Excerpts from a dataset

_ _ _

lemma vinvA_add: "x \<in> vinvA \<Longrightarrow> y \<in> vinvA \<Longrightarrow> x + y \<in> vinvA"
  using vinvA_iff Aring_add by (simp add: distrib_left)

lemma vinvA_mult_Aring: "x \<in> vinvA \<Longrightarrow> a \<in> Aring \<Longrightarrow> x * a \<in> vinvA"
  using vinvA_iff Aring_mult by (metis mult.assoc)

lemma inverse_vv_mult_Aring: "a \<in> Aring \<Longrightarrow> inverse vv * a \<in> vinvA"
  unfolding vinvA_def by blast

lemma one_vinvA_mult:
  assumes "x - 1 \<in> vinvA" "y - 1 \<in> vinvA" shows "x * y - 1 \<in> vinvA"
proof -
  have "x * y - 1 = (x - 1) * (y - 1) + (x - 1) + (y - 1)" by (simp add: algebra_simps)
  then show ?thesis using assms vinvA_mult_Aring vinvA_add vinvA_subset_Aring by metis
qed

lemma one_vinvA_power: "x - 1 \<in> vinvA \<Longrightarrow> x ^ n - 1 \<in> vinvA"
  by (induction n) (auto simp: vinvA_zero intro: one_vinvA_mult)

lemma one_vinvA_prod: "finite S \<Longrightarrow> (\<And>j. j \<in> S \<Longrightarrow> f j - 1 \<in> vinvA) \<Longrightarrow> prod f S - 1 \<in> vinvA"
  by (induction S rule: finite_induct) (auto simp: vinvA_zero intro: one_vinvA_mult)

lemma inverse_vv_power_minus_1: 
  assumes "0 < m" shows "inverse (vv ^ m - 1) \<in> vinvA"
proof -
  have nz: "monom (1::rat) m - 1 \<noteq> 0"
    using vv_power_neq_1[OF assms] by (auto simp: vv_power One_fract_def)
  have "degree (monom (1::rat) m - 1) = m"
    using assms degree_add_eq_left[of "-1" "monom (1::rat) m"] by (simp add: degree_monom_eq)
  then have "Fract [:0, 1:] (monom 1 m - 1) \<in> Aring"
    unfolding Aring_def using nz assms by (intro CollectI exI[of _ "[:0, 1:]"] exI[of _ "monom 1 m - 1"]) simp
  moreover have "vv * inverse (vv ^ m - 1) = Fract [:0, 1:] (monom 1 m - 1)"
    unfolding vv_power by (simp add: vv_def One_fract_def)
  ultimately show ?thesis unfolding vinvA_iff by simp
qed


section \<open>Weight spaces of U^+\<close>

text \<open>Weights are functions I -> Z; \<open>shift \<mu> i k\<close> adds k times the simple root i.\<close>
definition shift :: "('i \<Rightarrow> int) \<Rightarrow> 'i \<Rightarrow> int \<Rightarrow> 'i \<Rightarrow> int" where
  "shift \<mu> i k = \<mu>(i := \<mu> i + k)"

lemma shift_shift [simp]: "shift (shift \<mu> i a) i b = shift \<mu> i (a + b)"
  by (simp add: shift_def fun_eq_iff)

lemma shift_zero [simp]: "shift \<mu> i 0 = \<mu>"
  by (simp add: shift_def)

lemma shift_apply: "shift \<mu> i k j = (if j = i then \<mu> i + k else \<mu> j)"
  by (simp add: shift_def)

text \<open>\<open>weight_elem E sc \<mu> x\<close>: x lies in the weight space U^+_\<mu>, the span of the
  monomials E_i1 ... E_il with exactly \<mu> i factors E_i for every i.\<close>
inductive weight_elem :: "('i \<Rightarrow> 'u::ring_1) \<Rightarrow> (Qv \<Rightarrow> 'u \<Rightarrow> 'u) \<Rightarrow> ('i \<Rightarrow> int) \<Rightarrow> 'u \<Rightarrow> bool"
  for E sc where
  zero: "weight_elem E sc \<mu> 0"
| one: "weight_elem E sc (\<lambda>_. 0) 1"
| mulE: "weight_elem E sc \<mu> x \<Longrightarrow> weight_elem E sc (shift \<mu> i 1) (E i * x)"
| add: "weight_elem E sc \<mu> x \<Longrightarrow> weight_elem E sc \<mu> y \<Longrightarrow> weight_elem E sc \<mu> (x + y)"
| scale: "weight_elem E sc \<mu> x \<Longrightarrow> weight_elem E sc \<mu> (sc a x)"

lemma weight_elem_sum:
  "(\<And>n. n < (N::nat) \<Longrightarrow> weight_elem E sc \<mu> (f n)) \<Longrightarrow> weight_elem E sc \<mu> (\<Sum>n<N. f n)"
  by (induction N) (auto intro: weight_elem.intros)

lemma weight_elem_Epower:
  "weight_elem E sc \<mu> x \<Longrightarrow> weight_elem E sc (shift \<mu> i (int k)) (E i ^ k * x)"
proof (induction k)
  case (Suc k)
  from weight_elem.mulE[OF Suc.IH[OF Suc.prems], of i] show ?case
    by (simp add: mult.assoc add.commute)
qed simp

lemma geometric_sum_step: "(w::'a::comm_semiring_1) * (\<Sum>k<m. w ^ k) + 1 = (\<Sum>k<Suc m. w ^ k)"
  unfolding sum.lessThan_Suc_shift by (simp add: sum_distrib_left add.commute)

lemma sum_lessThan_pad:
  "M \<le> (L::nat) \<Longrightarrow> (\<Sum>n<L. f n * (if n < M then c n else (0::'a::semiring_0))) = (\<Sum>n<M. f n * c n)"
  by (rule trans[OF sum.mono_neutral_right[of "{..<L}" "{..<M}"]]) auto

locale positive_part =
  fixes cd :: "'i::finite \<Rightarrow> 'i \<Rightarrow> int"
    and E :: "'i \<Rightarrow> 'u::ring_1"
    and sc :: "Qv \<Rightarrow> 'u \<Rightarrow> 'u"
    and fp :: "'i \<Rightarrow> 'u \<Rightarrow> 'u"
  assumes cartan: "cartan_datum cd"
    and module: "module sc"
    and alg_l: "\<And>a x y. sc a (x * y) = sc a x * y"
    and alg_r: "\<And>a x y. sc a (x * y) = x * sc a y"
    and fp_lin: "\<And>i. module_hom sc sc (fp i)"
    and fp_1: "\<And>i. fp i 1 = 0"
    and fp_EP: "\<And>i j P. fp i (E j * P) =
                 sc (vi cd i powi aij cd i j) (E j * fp i P) + (if i = j then P else 0)"
begin

sublocale M: module sc by (rule module)

abbreviation Ed :: "'i \<Rightarrow> nat \<Rightarrow> 'u" where
  "Ed i n \<equiv> Ediv cd E sc i n"

lemma fp_add: "fp i (x + y) = fp i x + fp i y" using module_hom.add[OF fp_lin] .
lemma fp_scale: "fp i (sc a x) = sc a (fp i x)" using module_hom.scale[OF fp_lin] .
lemma fp_zero: "fp i 0 = 0" using module_hom.zero[OF fp_lin] .
lemma fp_diff: "fp i (x - y) = fp i x - fp i y" using module_hom.diff[OF fp_lin] .
lemma fp_sum: "fp i (sum g S) = (\<Sum>a\<in>S. fp i (g a))" using module_hom.sum[OF fp_lin] .

lemma weight_elem_negative: "weight_elem E sc \<mu> x \<Longrightarrow> \<mu> j < 0 \<Longrightarrow> x = 0"
  by (induction rule: weight_elem.induct) (auto simp: shift_apply split: if_splits)

lemma weight_elem_diff:
  "weight_elem E sc \<mu> x \<Longrightarrow> weight_elem E sc \<mu> y \<Longrightarrow> weight_elem E sc \<mu> (x - y)"
  using weight_elem.add[of E sc \<mu> x "sc (-1) y"] weight_elem.scale[of E sc \<mu> y "-1"]
  by simp

lemma weight_elem_Ediv:
  "weight_elem E sc \<mu> x \<Longrightarrow> weight_elem E sc (shift \<mu> i (int k)) (Ed i k * x)"
  unfolding Ediv_def alg_l[symmetric] by (intro weight_elem.scale weight_elem_Epower)

lemma weight_elem_Ediv_sum:
  assumes "\<And>n. n < N \<Longrightarrow> weight_elem E sc (shift \<mu> i (- int (n + k))) (c n)"
  shows "weight_elem E sc \<mu> (\<Sum>n<N. Ed i (n + k) * c n)"
proof (rule weight_elem_sum)
  fix n assume "n < N"
  from weight_elem_Ediv[OF assms[OF this], where i = i and k = "n + k"]
  show "weight_elem E sc \<mu> (Ed i (n + k) * c n)" by simp
qed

_ _ _

### Task brief
In the entries above, find each line with "using" and list it.

### Result of this task
  using vinvA_iff Aring_add by (simp add: distrib_left)
  using vinvA_iff Aring_mult by (metis mult.assoc)
  then show ?thesis using assms vinvA_mult_Aring vinvA_add vinvA_subset_Aring by metis
    using vv_power_neq_1[OF assms] by (auto simp: vv_power One_fract_def)
    using assms degree_add_eq_left[of "-1" "monom (1::rat) m"] by (simp add: degree_monom_eq)
    unfolding Aring_def using nz assms by (intro CollectI exI[of _ "[:0, 1:]"] exI[of _ "monom 1 m - 1"]) simp
lemma fp_add: "fp i (x + y) = fp i x + fp i y" using module_hom.add[OF fp_lin] .
lemma fp_scale: "fp i (sc a x) = sc a (fp i x)" using module_hom.scale[OF fp_lin] .
lemma fp_zero: "fp i 0 = 0" using module_hom.zero[OF fp_lin] .
lemma fp_diff: "fp i (x - y) = fp i x - fp i y" using module_hom.diff[OF fp_lin] .
lemma fp_sum: "fp i (sum g S) = (\<Sum>a\<in>S. fp i (g a))" using module_hom.sum[OF fp_lin] .
  using weight_elem.add[of E sc \<mu> x "sc (-1) y"] weight_elem.scale[of E sc \<mu> y "-1"]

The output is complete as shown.